**TASK PROMPT:** Copy the lines below that contain "distinct".

**INFORMATION:**
(* Let $\bar{w}$ be a nice sequence. Then: (1) $(x\;\bar{w}) \in \mathcal{N}$ for every $\lambda$-variable $x$. (2) If $u \in \mathcal{N}$ and $(t[x:=u]\;\bar{w}) \in \mathcal{N}$, then $((\lambda x.t\;u)\;\bar{w}) \in \mathcal{N}$. (3) If $t_1,t_2 \in \mathcal{N}$ and $(t_i\;\bar{w}) \in \mathcal{N}$ (for $i\in\{1,2\}$), then $((\langle t_1,t_2\rangle\;\pi_i)\;\bar{w}) \in \mathcal{N}$. (4) If $t,u_1,u_2 \in \mathcal{N}$ and $u_i[x_i:=t] \in \mathcal{N}$ (for $i\in\{1,2\}$), then $(\omega_i t\;[x_1.u_1,x_2.u_2]) \in \mathcal{N}$. (5) If $t[a:=^*\bar{w}] \in \mathcal{N}$, then $(\mu a.t\;\bar{w}) \in \mathcal{N}$.
   Context: With disjoint sets of $\lambda$-variables $x,y,\dots$ and $\mu$-variables $a,b,\dots$, terms and $\mathcal{E}$-terms are $\mathcal{T} ::= x \mid \lambda x.\mathcal{T} \mid (\mathcal{T}\;\mathcal{E}) \mid \langle \mathcal{T},\mathcal{T}\rangle \mid \omega_1\mathcal{T} \mid \omega_2\mathcal{T} \mid \mu a.\mathcal{T} \mid (a\;\mathcal{T})$, $\mathcal{E} ::= \mathcal{T} \mid \pi_1 \mid \pi_2 \mid [x.\mathcal{T}, y.\mathcal{T}]$ (up to renaming of bound variables). The one-step reduction $\triangleright$ is the closure under all constructors of: $(\lambda x.u\;v)\triangleright u[x:=v]$; $(\langle t_1,t_2\rangle\;\pi_i)\triangleright t_i$; $(\omega_i t\;[x_1.u_1,x_2.u_2])\triangleright u_i[x_i:=t]$; $((t\;[x_1.u_1,x_2.u_2])\;\varepsilon)\triangleright(t\;[x_1.(u_1\;\varepsilon),x_2.(u_2\;\varepsilon)])$; $(\mu a.t\;\varepsilon)\triangleright\mu a.t[a:=^*\varepsilon]$, where $t[a:=^*\varepsilon]$ replaces inductively each subterm $(a\;v)$ by $(a\;(v\;\varepsilon))$. $\mathcal{N}$ (resp. $\mathcal{N}'$) is the set of strongly normalizable terms (resp. $\mathcal{E}$-terms), i.e. those admitting no infinite $\triangleright$-reduction sequence. For a finite sequence $\bar{w}=w_1\dots w_n$ of $\mathcal{E}$-terms and a term $t$: $(t\;\bar{w})$ is $t$ if $n=0$ and $((t\;w_1)\;w_2\dots w_n)$ otherwise; $t[a:=^*\bar{w}]$ is obtained from $t$ by replacing inductively each subterm $(a\;v)$ by $(a\;(v\;\bar{w}))$. A finite sequence $\bar{w}=w_1\dots w_n$ of elements of $\mathcal{N}'$ is a nice sequence iff none of $w_1,\dots,w_{n-1}$ is of the form $[x.u,y.v]$ (only $w_n$ may be). *)

theory Defs
  imports Main
begin

text \<open>Terms of the lambda-mu calculus with pairs and sums, in de Bruijn notation.
  lambda-variables and mu-variables live in two separate index spaces.
  Binders: Lam binds a lambda-variable; each branch of Case binds a lambda-variable;
  Mu binds a mu-variable.  trm = T, elim = E (an E-term is a term (Arg), pi1, pi2,
  or a case [x.u, y.v]).\<close>

datatype trm =
    Var nat
  | Lam trm
  | App trm elim
  | Pair trm trm
  | Inj1 trm
  | Inj2 trm
  | Mu trm
  | Named nat trm
and elim =
    Arg trm
  | Proj1
  | Proj2
  | Case trm trm

primrec liftl :: "nat \<Rightarrow> trm \<Rightarrow> trm" and liftl_e :: "nat \<Rightarrow> elim \<Rightarrow> elim" where
  "liftl k (Var i) = (if i < k then Var i else Var (Suc i))"
| "liftl k (Lam t) = Lam (liftl (Suc k) t)"
| "liftl k (App t e) = App (liftl k t) (liftl_e k e)"
| "liftl k (Pair t1 t2) = Pair (liftl k t1) (liftl k t2)"
| "liftl k (Inj1 t) = Inj1 (liftl k t)"
| "liftl k (Inj2 t) = Inj2 (liftl k t)"
| "liftl k (Mu t) = Mu (liftl k t)"
| "liftl k (Named a t) = Named a (liftl k t)"
| "liftl_e k (Arg t) = Arg (liftl k t)"
| "liftl_e k Proj1 = Proj1"
| "liftl_e k Proj2 = Proj2"
| "liftl_e k (Case u v) = Case (liftl (Suc k) u) (liftl (Suc k) v)"

primrec liftm :: "nat \<Rightarrow> trm \<Rightarrow> trm" and liftm_e :: "nat \<Rightarrow> elim \<Rightarrow> elim" where
  "liftm k (Var i) = Var i"
| "liftm k (Lam t) = Lam (liftm k t)"
| "liftm k (App t e) = App (liftm k t) (liftm_e k e)"
| "liftm k (Pair t1 t2) = Pair (liftm k t1) (liftm k t2)"
| "liftm k (Inj1 t) = Inj1 (liftm k t)"
| "liftm k (Inj2 t) = Inj2 (liftm k t)"
| "liftm k (Mu t) = Mu (liftm (Suc k) t)"
| "liftm k (Named a t) = Named (if a < k then a else Suc a) (liftm k t)"
| "liftm_e k (Arg t) = Arg (liftm k t)"
| "liftm_e k Proj1 = Proj1"
| "liftm_e k Proj2 = Proj2"
| "liftm_e k (Case u v) = Case (liftm k u) (liftm k v)"

primrec subst :: "trm \<Rightarrow> nat \<Rightarrow> trm \<Rightarrow> trm" and subst_e :: "elim \<Rightarrow> nat \<Rightarrow> trm \<Rightarrow> elim" where
  "subst (Var i) k s = (if i < k then Var i else if i = k then s else Var (i - 1))"
| "subst (Lam t) k s = Lam (subst t (Suc k) (liftl 0 s))"
| "subst (App t e) k s = App (subst t k s) (subst_e e k s)"
| "subst (Pair t1 t2) k s = Pair (subst t1 k s) (subst t2 k s)"
| "subst (Inj1 t) k s = Inj1 (subst t k s)"
| "subst (Inj2 t) k s = Inj2 (subst t k s)"
| "subst (Mu t) k s = Mu (subst t k (liftm 0 s))"
| "subst (Named a t) k s = Named a (subst t k s)"
| "subst_e (Arg t) k s = Arg (subst t k s)"
| "subst_e Proj1 k s = Proj1"
| "subst_e Proj2 k s = Proj2"
| "subst_e (Case u v) k s = Case (subst u (Suc k) (liftl 0 s)) (subst v (Suc k) (liftl 0 s))"

fun apps :: "trm \<Rightarrow> elim list \<Rightarrow> trm" where
  "apps t [] = t"
| "apps t (w # ws) = apps (App t w) ws"

text \<open>Structural substitution t[a :=* ws]: every subterm (a v) becomes (a (v ws)).\<close>
primrec ssubst :: "trm \<Rightarrow> nat \<Rightarrow> elim list \<Rightarrow> trm"
  and ssubst_e :: "elim \<Rightarrow> nat \<Rightarrow> elim list \<Rightarrow> elim" where
  "ssubst (Var i) a ws = Var i"
| "ssubst (Lam t) a ws = Lam (ssubst t a (map (liftl_e 0) ws))"
| "ssubst (App t e) a ws = App (ssubst t a ws) (ssubst_e e a ws)"
| "ssubst (Pair t1 t2) a ws = Pair (ssubst t1 a ws) (ssubst t2 a ws)"
| "ssubst (Inj1 t) a ws = Inj1 (ssubst t a ws)"
| "ssubst (Inj2 t) a ws = Inj2 (ssubst t a ws)"
| "ssubst (Mu t) a ws = Mu (ssubst t (Suc a) (map (liftm_e 0) ws))"
| "ssubst (Named b t) a ws =
     (if b = a then Named b (apps (ssubst t a ws) ws) else Named b (ssubst t a ws))"
| "ssubst_e (Arg t) a ws = Arg (ssubst t a ws)"
| "ssubst_e Proj1 a ws = Proj1"
| "ssubst_e Proj2 a ws = Proj2"
| "ssubst_e (Case u v) a ws =
     Case (ssubst u a (map (liftl_e 0) ws)) (ssubst v a (map (liftl_e 0) ws))"

inductive red :: "trm \<Rightarrow> trm \<Rightarrow> bool" and red_e :: "elim \<Rightarrow> elim \<Rightarrow> bool" where
  beta: "red (App (Lam u) (Arg v)) (subst u 0 v)"
| proj1: "red (App (Pair t1 t2) Proj1) t1"
| proj2: "red (App (Pair t1 t2) Proj2) t2"
| case1: "red (App (Inj1 t) (Case u1 u2)) (subst u1 0 t)"
| case2: "red (App (Inj2 t) (Case u1 u2)) (subst u2 0 t)"
| comm: "red (App (App t (Case u1 u2)) e)
             (App t (Case (App u1 (liftl_e 0 e)) (App u2 (liftl_e 0 e))))"
| mu: "red (App (Mu t) e) (Mu (ssubst t 0 [liftm_e 0 e]))"
| c_Lam: "red t t' \<Longrightarrow> red (Lam t) (Lam t')"
| c_AppL: "red t t' \<Longrightarrow> red (App t e) (App t' e)"
| c_AppR: "red_e e e' \<Longrightarrow> red (App t e) (App t e')"
| c_PairL: "red t t' \<Longrightarrow> red (Pair t u) (Pair t' u)"
| c_PairR: "red u u' \<Longrightarrow> red (Pair t u) (Pair t u')"
| c_Inj1: "red t t' \<Longrightarrow> red (Inj1 t) (Inj1 t')"
| c_Inj2: "red t t' \<Longrightarrow> red (Inj2 t) (Inj2 t')"
| c_Mu: "red t t' \<Longrightarrow> red (Mu t) (Mu t')"
| c_Named: "red t t' \<Longrightarrow> red (Named a t) (Named a t')"
| c_Arg: "red t t' \<Longrightarrow> red_e (Arg t) (Arg t')"
| c_CaseL: "red u u' \<Longrightarrow> red_e (Case u v) (Case u' v)"
| c_CaseR: "red v v' \<Longrightarrow> red_e (Case u v) (Case u v')"

definition SN :: "trm \<Rightarrow> bool" where
  "SN t \<longleftrightarrow> \<not> (\<exists>f. f 0 = t \<and> (\<forall>n. red (f n) (f (Suc n))))"

definition SN_e :: "elim \<Rightarrow> bool" where
  "SN_e e \<longleftrightarrow> \<not> (\<exists>f. f 0 = e \<and> (\<forall>n. red_e (f n) (f (Suc n))))"

definition is_case :: "elim \<Rightarrow> bool" where
  "is_case w \<longleftrightarrow> (\<exists>u v. w = Case u v)"

definition nice :: "elim list \<Rightarrow> bool" where
  "nice ws \<longleftrightarrow> (\<forall>w\<in>set ws. SN_e w) \<and> (\<forall>i. i + 1 < length ws \<longrightarrow> \<not> is_case (ws ! i))"

end

theory Submission
  imports Defs
begin

text \<open>A reduct of \<open>(H w\<^sub>1 \<dots> w\<^sub>n)\<close> arises by reducing inside \<open>H\<close>, inside some \<open>w\<^sub>i\<close>, or by a
  root step on \<open>(H w\<^sub>1)\<close>; a commutation at \<open>((H w\<^sub>1 \<dots> w\<^sub>i) w\<^sub>i\<^sub>+\<^sub>1)\<close> would need \<open>w\<^sub>i\<close> to be a
  case, which niceness excludes.  So in parts (2)--(4) one inducts on the strong
  normalisability of the components of the redex and of \<open>w\<^sub>1 \<dots> w\<^sub>n\<close>: every reduct either
  has the same shape with reduced components, or is the contractum applied to \<open>w\<^sub>1 \<dots> w\<^sub>n\<close>,
  and reducing the components only reduces that contractum.  In part (5) the root step
  pushes \<open>w\<^sub>1\<close> into the body of the \<open>\<mu>\<close>, so an outer induction on \<open>n\<close> applies.\<close>

section \<open>Lifting and substitution\<close>

lemma liftl_liftl:
  "i \<le> j \<Longrightarrow> liftl i (liftl j t) = liftl (Suc j) (liftl i t)"
  "i \<le> j \<Longrightarrow> liftl_e i (liftl_e j e) = liftl_e (Suc j) (liftl_e i e)"
  by (induct t and e arbitrary: i j and i j) auto

lemma liftm_liftm:
  "i \<le> j \<Longrightarrow> liftm i (liftm j t) = liftm (Suc j) (liftm i t)"
  "i \<le> j \<Longrightarrow> liftm_e i (liftm_e j e) = liftm_e (Suc j) (liftm_e i e)"
  by (induct t and e arbitrary: i j and i j) auto

lemma liftl_liftm:
  "liftl i (liftm j t) = liftm j (liftl i t)"
  "liftl_e i (liftm_e j e) = liftm_e j (liftl_e i e)"
  by (induct t and e arbitrary: i j and i j) auto

lemma subst_liftl:
  "subst (liftl k t) k s = t"
  "subst_e (liftl_e k e) k s = e"
  by (induct t and e arbitrary: k s and k s) auto

lemma liftl_subst_above:
  "i \<le> k \<Longrightarrow> liftl i (subst t k s) = subst (liftl i t) (Suc k) (liftl i s)"
  "i \<le> k \<Longrightarrow> liftl_e i (subst_e e k s) = subst_e (liftl_e i e) (Suc k) (liftl i s)"
  by (induct t and e arbitrary: i k s and i k s)
     (auto simp: liftl_liftl liftl_liftm)

lemma liftl_subst_below:
  "k \<le> i \<Longrightarrow> liftl i (subst t k s) = subst (liftl (Suc i) t) k (liftl i s)"
  "k \<le> i \<Longrightarrow> liftl_e i (subst_e e k s) = subst_e (liftl_e (Suc i) e) k (liftl i s)"
  by (induct t and e arbitrary: i k s and i k s)
     (auto simp: liftl_liftl liftl_liftm)

lemma liftm_subst:
  "liftm j (subst t k s) = subst (liftm j t) k (liftm j s)"
  "liftm_e j (subst_e e k s) = subst_e (liftm_e j e) k (liftm j s)"
  by (induct t and e arbitrary: j k s and j k s)
     (auto simp: liftm_liftm liftl_liftm)

lemma subst_subst:
  "i \<le> k \<Longrightarrow> subst (subst t i u) k s = subst (subst t (Suc k) (liftl i s)) i (subst u k s)"
  "i \<le> k \<Longrightarrow> subst_e (subst_e e i u) k s = subst_e (subst_e e (Suc k) (liftl i s)) i (subst u k s)"
  by (induct t and e arbitrary: i k u s and i k u s)
     (auto simp: liftl_liftl liftl_liftm liftm_subst liftl_subst_above subst_liftl)

primrec mu_occurs :: "nat \<Rightarrow> trm \<Rightarrow> bool" and mu_occurs_e :: "nat \<Rightarrow> elim \<Rightarrow> bool" where
  "mu_occurs a (Var i) = False"
| "mu_occurs a (Lam t) = mu_occurs a t"
| "mu_occurs a (App t e) = (mu_occurs a t \<or> mu_occurs_e a e)"
| "mu_occurs a (trm.Pair t1 t2) = (mu_occurs a t1 \<or> mu_occurs a t2)"
| "mu_occurs a (Inj1 t) = mu_occurs a t"
| "mu_occurs a (Inj2 t) = mu_occurs a t"
| "mu_occurs a (Mu t) = mu_occurs (Suc a) t"
| "mu_occurs a (Named b t) = (b = a \<or> mu_occurs a t)"
| "mu_occurs_e a (Arg t) = mu_occurs a t"
| "mu_occurs_e a Proj1 = False"
| "mu_occurs_e a Proj2 = False"
| "mu_occurs_e a (Case u v) = (mu_occurs a u \<or> mu_occurs a v)"

lemma mu_occurs_liftl:
  "mu_occurs a (liftl k t) = mu_occurs a t"
  "mu_occurs_e a (liftl_e k e) = mu_occurs_e a e"
  by (induct t and e arbitrary: a k and a k) auto

lemma mu_occurs_liftm:
  "k \<le> a \<Longrightarrow> mu_occurs (Suc a) (liftm k t) = mu_occurs a t"
  "k \<le> a \<Longrightarrow> mu_occurs_e (Suc a) (liftm_e k e) = mu_occurs_e a e"
  by (induct t and e arbitrary: a k and a k) auto

lemma not_mu_occurs_liftm_self:
  "\<not> mu_occurs k (liftm k t)"
  "\<not> mu_occurs_e k (liftm_e k e)"
  by (induct t and e arbitrary: k and k) auto

lemma ssubst_not_mu_occurs:
  "\<not> mu_occurs a t \<Longrightarrow> ssubst t a ws = t"
  "\<not> mu_occurs_e a e \<Longrightarrow> ssubst_e e a ws = e"
  by (induct t and e arbitrary: a ws and a ws) auto
theorem proposition8:
  fixes p q :: nat and L M :: "(real^'n) set" and I :: "real set"
    and Mc :: "real \<Rightarrow> (real^'n) set"
    and e f :: "nat \<Rightarrow> real^'n" and r :: "nat \<Rightarrow> real^'n"
    and H :: "real^'n \<Rightarrow> real^'n" and h :: "nat \<Rightarrow> nat \<Rightarrow> real"
  assumes dim: "CARD('n) = p + q" and pq: "p \<le> q"
    and L: "L \<in> Gr p TYPE('n)" and M: "M \<in> Gr p TYPE('n)"
    and psi1: "jordan_angle L M 1 \<noteq> 0"
    and psip: "jordan_angle L M p \<noteq> pi / 2"
    and distinct: "\<forall>j. 1 \<le> j \<and> j < p \<longrightarrow> jordan_angle L M (j + 1) \<noteq> jordan_angle L M j"
    and e: "orthonormal_basis p e L" and f: "orthonormal_basis p f M"
    and ef: "\<forall>i\<in>{1..p}. \<forall>j\<in>{1..p}. i \<noteq> j \<longrightarrow> e i \<bullet> f j = 0"
    and efj: "\<forall>j\<in>{1..p}. e j \<bullet> f j = cos (jordan_angle L M j)"
    and r: "orthonormal_basis q r (orthogonal_comp M)"
    and er: "\<forall>j\<in>{1..p}. e j = cos (jordan_angle L M j) *\<^sub>R f j - sin (jordan_angle L M j) *\<^sub>R r j"
    and H_lin: "linear H" and H_range: "H ` M \<subseteq> orthogonal_comp M"
    and h: "\<forall>j\<in>{1..p}. H (f j) = (\<Sum>k=1..q. h j k *\<^sub>R r k)"
    and curve: "smooth_Gr_curve p q I Mc" and I0: "0 \<in> I" and M0: "Mc 0 = M"
    and tangent: "curve_derivative_at0 Mc H"
  shows "\<forall>j\<in>{1..p}. ((\<lambda>\<epsilon>. jordan_angle L (Mc \<epsilon>) j) has_real_derivative h j j) (at 0)"
proof (intro ballI)
  fix j assume j: "j \<in> {1..p}"
  have L': "subspace L" "dim L = p" and M': "subspace M" "dim M = p"
    using L M unfolding Gr_def by auto
  have angle: "0 < jordan_angle L M k \<and> jordan_angle L M k < pi / 2" if "k \<in> {1..p}" for k
    by (rule jordan_angle_in_open_interval[OF L' M' psi1 psip that])
  have diag: "e i \<bullet> f k = (if i = k then cos (jordan_angle L M k) else 0)" if "i \<in> {1..p}" "k \<in> {1..p}" for i k
    using ef efj that by auto
  have cos_pos: "0 < cos (jordan_angle L M k)" if "k \<in> {1..p}" for k
    using angle[OF that] by (intro cos_gt_zero_pi) auto
  obtain \<delta> A where chart: "graph_chart M Mc 0 \<delta> A" "0 < \<delta>"
    and dA: "\<And>x. x \<in> M \<Longrightarrow> ((\<lambda>\<epsilon>. A \<epsilon> x) has_vector_derivative H x) (at 0)"
    using tangent M0 unfolding curve_derivative_at0_def by blast
  have I: "open I" "\<And>\<epsilon>. \<epsilon> \<in> I \<Longrightarrow> subspace (Mc \<epsilon>) \<and> dim (Mc \<epsilon>) = p"
    using curve unfolding smooth_Gr_curve_def Gr_def by auto
  obtain C where range: "\<forall>\<^sub>F \<epsilon> in nhds 0. 0 \<le> jordan_angle L (Mc \<epsilon>) j \<and> jordan_angle L (Mc \<epsilon>) j \<le> pi / 2"
    and expansion: "\<forall>\<^sub>F \<epsilon> in nhds 0. \<bar>(cos (jordan_angle L (Mc \<epsilon>) j))\<^sup>2 - ((cos (jordan_angle L M j))\<^sup>2
      - 2 * cos (jordan_angle L M j) * sin (jordan_angle L M j) * (r j \<bullet> A \<epsilon> (f j)))\<bar> \<le> C * \<epsilon>\<^sup>2"
    by (rule sq_cos_jordan_angle_expansion[OF L' M'(1) e f diag cos_pos
          cos_jordan_angle_strict_antimono[OF L' M' psi1 psip distinct] j er[rule_format, OF j]
          I(1) I0 I(2) chart M0 dA])
  have "r j \<bullet> H (f j) = h j j"
    using h j pq orthonormal_family_inner_sum[OF orthonormal_basis_family[OF r], of j "h j"]
    by (simp add: inner_commute)
  then have "((\<lambda>\<epsilon>. r j \<bullet> A \<epsilon> (f j)) has_real_derivative h j j) (at 0)"
    using has_real_derivative_inner_left[OF dA[OF orthonormal_basis_mem[OF f j]], of "r j"] by simp
  moreover have "r j \<bullet> A 0 (f j) = 0"
    using graph_chart_center[OF chart M0 M'(1) orthonormal_basis_mem[OF f j]] by simp
  ultimately show "((\<lambda>\<epsilon>. jordan_angle L (Mc \<epsilon>) j) has_real_derivative h j j) (at 0)"
    using angle[OF j] by (intro has_real_derivative_angle_of_cos_sq_expansion[OF range expansion]) auto
qed

end
lemma normal_cone_subset_recession_cone:
  assumes C: "C \<subseteq> dual \<tau>" "closedin (wstar \<tau>) C" "fconvex C"
    and ray: "\<And>z c. \<forall>\<psi>\<in>C. \<psi> z \<le> c \<Longrightarrow> \<exists>\<mu>>0. x + \<mu> *\<^sub>R z \<in> D"
  shows "normal_cone \<tau> D x \<subseteq> recession_cone C"
proof (clarsimp simp: recession_cone_def)
  fix \<phi> y and l :: real
  assume \<phi>: "\<phi> \<in> normal_cone \<tau> D x" and "y \<in> C" "0 \<le> l"
  show "(\<lambda>z. y z + l * \<phi> z) \<in> C"
  proof (rule ccontr)
    assume notin: "(\<lambda>z. y z + l * \<phi> z) \<notin> C"
    have "(\<lambda>z. 1 * y z + l * \<phi> z) \<in> dual \<tau>"
      using \<phi> C(1) \<open>y \<in> C\<close> by (intro dual_lincomb) (auto simp: normal_cone_def)
    then obtain z c where bound: "\<forall>\<psi>\<in>C. \<psi> z \<le> c" and "c < y z + l * \<phi> z"
      using wstar_separation[OF C _ notin] by auto
    then have "0 < l * \<phi> z" using \<open>y \<in> C\<close> by fastforce
    then have "0 < \<phi> z" using \<open>0 \<le> l\<close> by (simp add: zero_less_mult_iff)
    obtain \<mu> where "0 < \<mu>" "x + \<mu> *\<^sub>R z \<in> D" using ray[OF bound] by blast
    then have "\<phi> (\<mu> *\<^sub>R z) \<le> 0" using \<phi> by (auto simp: normal_cone_def)
    then show False
      using \<phi> \<open>0 < \<mu>\<close> \<open>0 < \<phi> z\<close> by (simp add: normal_cone_def dual_def linear_scale mult_le_0_iff)
  qed
qed

lemma recession_cone_subset_normal_cone:
  assumes C: "C \<subseteq> dual \<tau>" "y0 \<in> C"
    and bounded: "\<And>w. w \<in> D \<Longrightarrow> \<exists>K. \<forall>\<psi>\<in>C. \<psi> (w - x) \<le> K"
  shows "recession_cone C \<subseteq> normal_cone \<tau> D x"
proof
  fix d assume d: "d \<in> recession_cone C"
  then have "(\<lambda>z. y0 z + 1 * d z) \<in> C"
    using C(2) zero_le_one unfolding recession_cone_def by blast
  then have "(\<lambda>z. 1 * (\<lambda>z. y0 z + 1 * d z) z + (- 1) * y0 z) \<in> dual \<tau>"
    using C by (intro dual_lincomb) auto
  then have "d \<in> dual \<tau>" by simp
  moreover have "d (w - x) \<le> 0" if w: "w \<in> D" for w
  proof (rule ccontr)
    assume "\<not> d (w - x) \<le> 0"
    obtain K where K: "\<forall>\<psi>\<in>C. \<psi> (w - x) \<le> K" using bounded[OF w] by blast
    define l where "l = (K - y0 (w - x) + 1) / d (w - x)"
    have "0 \<le> l" using K C(2) \<open>\<not> d (w - x) \<le> 0\<close> by (simp add: l_def)
    then have "y0 (w - x) + l * d (w - x) \<le> K"
      using d C(2) K by (auto simp: recession_cone_def)
    then show False using \<open>\<not> d (w - x) \<le> 0\<close> by (simp add: l_def)
  qed
  ultimately show "d \<in> normal_cone \<tau> D x" by (simp add: normal_cone_def)
qed

section \<open>Suprema of compact families\<close>

lemma ereal_less_plus_real_iff: "ereal r < y + ereal c \<longleftrightarrow> ereal (r - c) < y"
  by (cases y) auto
text \<open>With \<open>n = 2k + 1\<close> and \<open>v = x / n \<le> 1/3\<close> the term is
  \<open>n v - n/2 (ln (1 + v) - ln (1 - v))\<close>, of size \<open>O(n v\<^sup>3) = O(1/k\<^sup>2)\<close>.\<close>
lemma summable_double_cosine_log:
  fixes x :: real
  assumes "0 \<le> x" "x < 1"
  shows "summable (double_cosine_log x)"
proof (rule summable_comparison_test'[where N = 1])
  show "summable (\<lambda>k. inverse (real k ^ 2))" by (rule inverse_power_summable) simp
  fix k :: nat assume k: "k \<ge> 1"
  define n where "n = real (2 * k + 1)"
  define v where "v = x / n"
  have n: "n \<ge> 3" using k by (simp add: n_def)
  have v: "0 \<le> v" "v \<le> 1 / n" "v \<le> 1 / 3" "v < 1"
    using assms n by (auto simp: v_def divide_right_mono divide_le_eq)
  have "n + x = n * (1 + v)" "n - x = n * (1 - v)" and x: "x = n * v"
    using n by (simp_all add: v_def field_simps)
  then have "ln (n + x) = ln n + ln (1 + v)" "ln (n - x) = ln n + ln (1 - v)"
    using n v by (simp_all add: ln_mult)
  then have term_eq: "double_cosine_log x k = n * v - n / 2 * (ln (1 + v) - ln (1 - v))"
    unfolding double_cosine_log_def n_def[symmetric] using x by (simp add: algebra_simps)
  have "0 \<le> - double_cosine_log x k"
    using mult_left_mono[OF ln_one_plus_minus_ge[OF v(1,4)], of "n / 2"] n
    by (simp add: term_eq)
  moreover have "- double_cosine_log x k \<le> n / 3 * (v ^ 3 / (1 - v\<^sup>2))"
    using mult_left_mono[OF ln_one_plus_minus_le[OF v(1,4)], of "n / 2"] n
    by (simp add: term_eq algebra_simps)
  moreover have "n / 3 * (v ^ 3 / (1 - v\<^sup>2)) \<le> n / 3 * ((1 / n) ^ 3 / (1 / 2))"
  proof -
    have "v\<^sup>2 \<le> (1 / 3)\<^sup>2" using v n by (intro power_mono) (auto simp: divide_le_eq)
    then have "1 / 2 \<le> 1 - v\<^sup>2" by (simp add: power2_eq_square)
    moreover have "v ^ 3 \<le> (1 / n) ^ 3" using v by (intro power_mono) auto
    ultimately show ?thesis
      using n v by (intro mult_left_mono frac_le) auto
  qed
  moreover have "n / 3 * ((1 / n) ^ 3 / (1 / 2)) \<le> inverse (real k ^ 2)"
  proof -
    have "n / 3 * ((1 / n) ^ 3 / (1 / 2)) = 2 / (3 * n\<^sup>2)"
      using n by (simp add: field_simps power2_eq_square power3_eq_cube)
    also have "\<dots> \<le> 1 / n\<^sup>2" using n by (simp add: field_simps)
    also have "\<dots> \<le> inverse (real k ^ 2)"
      using power_mono[of "real k" n 2] k n by (simp add: n_def inverse_eq_divide frac_le)
    finally show ?thesis .
  qed
  ultimately show "norm (double_cosine_log x k) \<le> inverse (real k ^ 2)"
    unfolding real_norm_def by linarith
qed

**OUTPUT FOR THIS TASK:**
    and distinct: "\<forall>j. 1 \<le> j \<and> j < p \<longrightarrow> jordan_angle L M (j + 1) \<noteq> jordan_angle L M j"
          cos_jordan_angle_strict_antimono[OF L' M' psi1 psip distinct] j er[rule_format, OF j]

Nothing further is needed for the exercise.